北口陣屋(代官所)  北口南、ひな市通り沿いに細谷医院があり、その駐車場の一隅に「北口陣屋(代官所)」と題する史跡説明板が立っています。

 元和八年(1622)7月に、北口村・工藤小路村・吉田村・大久保村など上谷地郷六カ村は新庄藩領となり、藩主藩領となり、藩主戸沢政盛は寛永元年(1624)ここに新庄陣屋を置いて上谷地郷を支配しました。

 およそ700坪の敷地には、大戸門・役屋・長屋などがあり、代官の外2~3名の手代を配して明治初年まで及んだのですが、幕末の戊辰戦役で庄内藩兵に襲われ、役屋は焼失しました。明治4年(1871)に廃止されるまで、北口陣屋は247年間に及ぶ上谷地郷の行政の本拠でした。

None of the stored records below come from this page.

lemma diff_variation_le_grad_dist:
  fixes f g :: "real^'n \<Rightarrow> real"
  assumes "convex S" and "\<forall>y\<in>S. f differentiable (at y)" "\<forall>y\<in>S. g differentiable (at y)"
    and "\<forall>y\<in>S. norm (grad f y - grad g y) \<le> \<eta>" and "x \<in> S" "x0 \<in> S"
  shows "\<bar>f x - g x - (f x0 - g x0)\<bar> \<le> \<eta> * norm (x - x0)"
proof -
  have "norm ((\<lambda>y. f y - g y) x - (\<lambda>y. f y - g y) x0) \<le> \<eta> * norm (x - x0)"
  proof (rule differentiable_bound[OF \<open>convex S\<close> _ _ \<open>x \<in> S\<close> \<open>x0 \<in> S\<close>])
    fix y assume "y \<in> S"
    then show "((\<lambda>y. f y - g y) has_derivative (\<lambda>h. (grad f y - grad g y) \<bullet> h)) (at y within S)"
      using assms has_derivative_diff[OF has_derivative_grad has_derivative_grad, of f y g]
      by (auto simp: inner_diff_left intro: has_derivative_at_withinI)
    show "onorm (\<lambda>h. (grad f y - grad g y) \<bullet> h) \<le> \<eta>"
      using onorm_inner_le assms \<open>y \<in> S\<close> order_trans by blast
  qed
  then show ?thesis by simp
qed

lemma norm_scaleR_diff_le:
  fixes r g :: "'a::real_normed_vector"
  assumes "\<bar>u\<bar> \<le> L" "norm (r - g) \<le> \<eta>" "\<bar>u - v\<bar> \<le> e" "\<bar>v - w\<bar> \<le> e" "norm g \<le> M"
  shows "norm (u *\<^sub>R r - w *\<^sub>R g) \<le> L * \<eta> + 2 * e * M"
proof -
  have "u *\<^sub>R r - w *\<^sub>R g = u *\<^sub>R (r - g) + (u - v) *\<^sub>R g + (v - w) *\<^sub>R g"
    by (simp add: algebra_simps)
  also have "norm \<dots> \<le> norm (u *\<^sub>R (r - g)) + norm ((u - v) *\<^sub>R g) + norm ((v - w) *\<^sub>R g)"
    by (meson add_mono norm_triangle_ineq order_refl order_trans)
  also have "\<dots> \<le> L * \<eta> + e * M + e * M"
  proof -
    have "0 \<le> L" "0 \<le> e" using assms(1,3) abs_ge_zero order_trans by blast+
    then show ?thesis
      using assms by (simp only: norm_scaleR) (intro add_mono mult_mono; simp)
  qed
  finally show ?thesis by (simp add: algebra_simps)
qed

lemma eventually_mult_less_at_right:
  "c > 0 \<Longrightarrow> \<forall>\<^sub>F \<eta> in at_right (0::real). \<eta> * M < c"
  by (rule order_tendstoD(2)) (auto intro!: tendsto_eq_intros)

lemma chain_gradient_approximation:
  fixes R :: "real^'n \<Rightarrow> real" and T' :: "real \<Rightarrow> real"
  assumes S: "compact S" "convex S" "x0 \<in> S" and R: "C1_on S R"
    and T': "continuous_on UNIV T'"
    and \<Gamma>_dense: "\<And>K e. compact K \<Longrightarrow> e > 0 \<Longrightarrow> \<exists>\<gamma>\<in>\<Gamma>. \<forall>t\<in>K. \<bar>T' t - \<gamma> t\<bar> < e"
    and \<G>_diff: "\<And>G y. G \<in> \<G> \<Longrightarrow> y \<in> S \<Longrightarrow> G differentiable (at y)"
    and \<G>_dense: "\<And>\<eta>. \<eta> > 0 \<Longrightarrow> \<exists>G\<in>\<G>. \<forall>y\<in>S. norm (grad R y - grad G y) < \<eta>"
    and \<epsilon>: "\<epsilon> > 0"
  obtains \<gamma> G where "\<gamma> \<in> \<Gamma>" and "G \<in> \<G>"
    and "\<And>x. x \<in> S \<Longrightarrow>
           norm (T' (R x) *\<^sub>R grad R x - \<gamma> (G x + (R x0 - G x0)) *\<^sub>R grad G x) \<le> \<epsilon>"
proof -
  have "bounded (R ` S)" "bounded (grad R ` S)"
    using R S(1) by (auto simp: C1_on_def intro!: compact_imp_bounded compact_continuous_image
        C1_on_imp_continuous_on)
  then obtain C B where C: "\<forall>x\<in>S. \<bar>R x\<bar> \<le> C" and B: "\<forall>x\<in>S. norm (grad R x) \<le> B"
    by (auto simp: bounded_iff)
  obtain D where D: "\<forall>x\<in>S. norm (x - x0) \<le> D"
    using compact_imp_bounded[OF S(1)] bounded_any_center[of S x0]
    by (auto simp: dist_norm norm_minus_commute)
  define K where "K = {-(C+1)..C+1}"
  have K: "compact K" "continuous_on K T'"
    using T' by (auto simp: K_def intro: continuous_on_subset)
  then obtain L where L: "\<forall>t\<in>K. \<bar>T' t\<bar> \<le> L"
    using compact_imp_bounded[OF compact_continuous_image] by (force simp: bounded_iff)
  define e where "e = \<epsilon> / (3 * (B + 1))"
  have "B \<ge> 0" using B S(3) norm_ge_zero order_trans by blast
  then have e: "e > 0" "e * (B + 1) = \<epsilon> / 3"
    using \<epsilon> by (simp_all add: e_def field_simps)
  obtain \<delta> where \<delta>: "\<delta> > 0" "\<And>s t. s \<in> K \<Longrightarrow> t \<in> K \<Longrightarrow> dist t s < \<delta> \<Longrightarrow> dist (T' t) (T' s) < e"
    using uniformly_continuous_onE[OF compact_uniformly_continuous[OF K(2,1)] e(1)] by metis
  have "\<forall>\<^sub>F \<eta> in at_right 0. 0 < \<eta> \<and> \<eta> * 1 < 1 \<and> \<eta> * D < 1 \<and> \<eta> * D < \<delta> \<and> \<eta> * L < \<epsilon> / 3"
    using \<delta>(1) \<epsilon> by (intro eventually_conj eventually_at_right_less eventually_mult_less_at_right) simp_all
  then obtain \<eta> where \<eta>: "0 < \<eta>" "\<eta> < 1" "\<eta> * D < 1" "\<eta> * D < \<delta>" "\<eta> * L < \<epsilon> / 3"
    using eventually_happens'[OF trivial_limit_at_right_real] by auto
  obtain G where G: "G \<in> \<G>" and G_close: "\<forall>y\<in>S. norm (grad R y - grad G y) < \<eta>"
    using \<G>_dense[OF \<eta>(1)] by blast
  obtain \<gamma> where \<gamma>: "\<gamma> \<in> \<Gamma>" and \<gamma>_close: "\<forall>t\<in>K. \<bar>T' t - \<gamma> t\<bar> < e"
    using \<Gamma>_dense[OF K(1) e(1)] by blast
  show thesis
  proof (rule that[OF \<gamma> G])
    fix x assume x: "x \<in> S"
    define t where "t = G x + (R x0 - G x0)"
    have "\<bar>G x - R x - (G x0 - R x0)\<bar> \<le> \<eta> * norm (x - x0)"
      using \<G>_diff[OF G] G_close R S x
      by (intro diff_variation_le_grad_dist) (auto simp: C1_on_def norm_minus_commute less_imp_le)
    also have "\<dots> \<le> \<eta> * D" using D x \<eta>(1) by (simp add: mult_left_mono)
    finally have "\<bar>t - R x\<bar> \<le> \<eta> * D" by (simp add: t_def algebra_simps)
    then have t: "t \<in> K" "dist (R x) t < \<delta>" and Rx: "R x \<in> K"
      using C x \<eta>(3,4) by (auto simp: K_def dist_real_def abs_le_iff)
    have gG: "norm (grad G x) \<le> B + 1"
      using norm_triangle_sub[of "grad G x" "grad R x"] B G_close x \<eta>(2)
      by (fastforce simp: norm_minus_commute)
    have "norm (T' (R x) *\<^sub>R grad R x - \<gamma> t *\<^sub>R grad G x) \<le> L * \<eta> + 2 * e * (B + 1)"
    proof (rule norm_scaleR_diff_le)
      show "\<bar>T' (R x) - T' t\<bar> \<le> e"
        using less_imp_le[OF \<delta>(2)[OF t(1) Rx t(2)]] by (simp add: dist_real_def)
    qed (use L Rx G_close x t \<gamma>_close gG in \<open>auto intro: less_imp_le\<close>)
    also have "\<dots> \<le> \<epsilon>" using \<eta>(5) e(2) by (simp only: mult.commute[of L] mult.assoc)
    finally show "norm (T' (R x) *\<^sub>R grad R x - \<gamma> (G x + (R x0 - G x0)) *\<^sub>R grad G x) \<le> \<epsilon>"
      by (simp add: t_def)
  qed
qed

 明治6年(1873)9月、焼失をまぬがれた長屋を払い下げ改築して、谷地で最も早い小学校が設立され、その名を「開明学校」と呼んでいました。

 しかし、明治17年(1884)11月、八幡宮東側(現在の役場の所)に「谷地学校」が新築開校されたことに伴い、開明学校は廃校となりました。

 現在、北口陣屋や開明学校等、当時を偲ばせるものは何もありません。区画整理事業も進行中で、時代の変化と共に町並みも又、激しく移り変わろうとしています。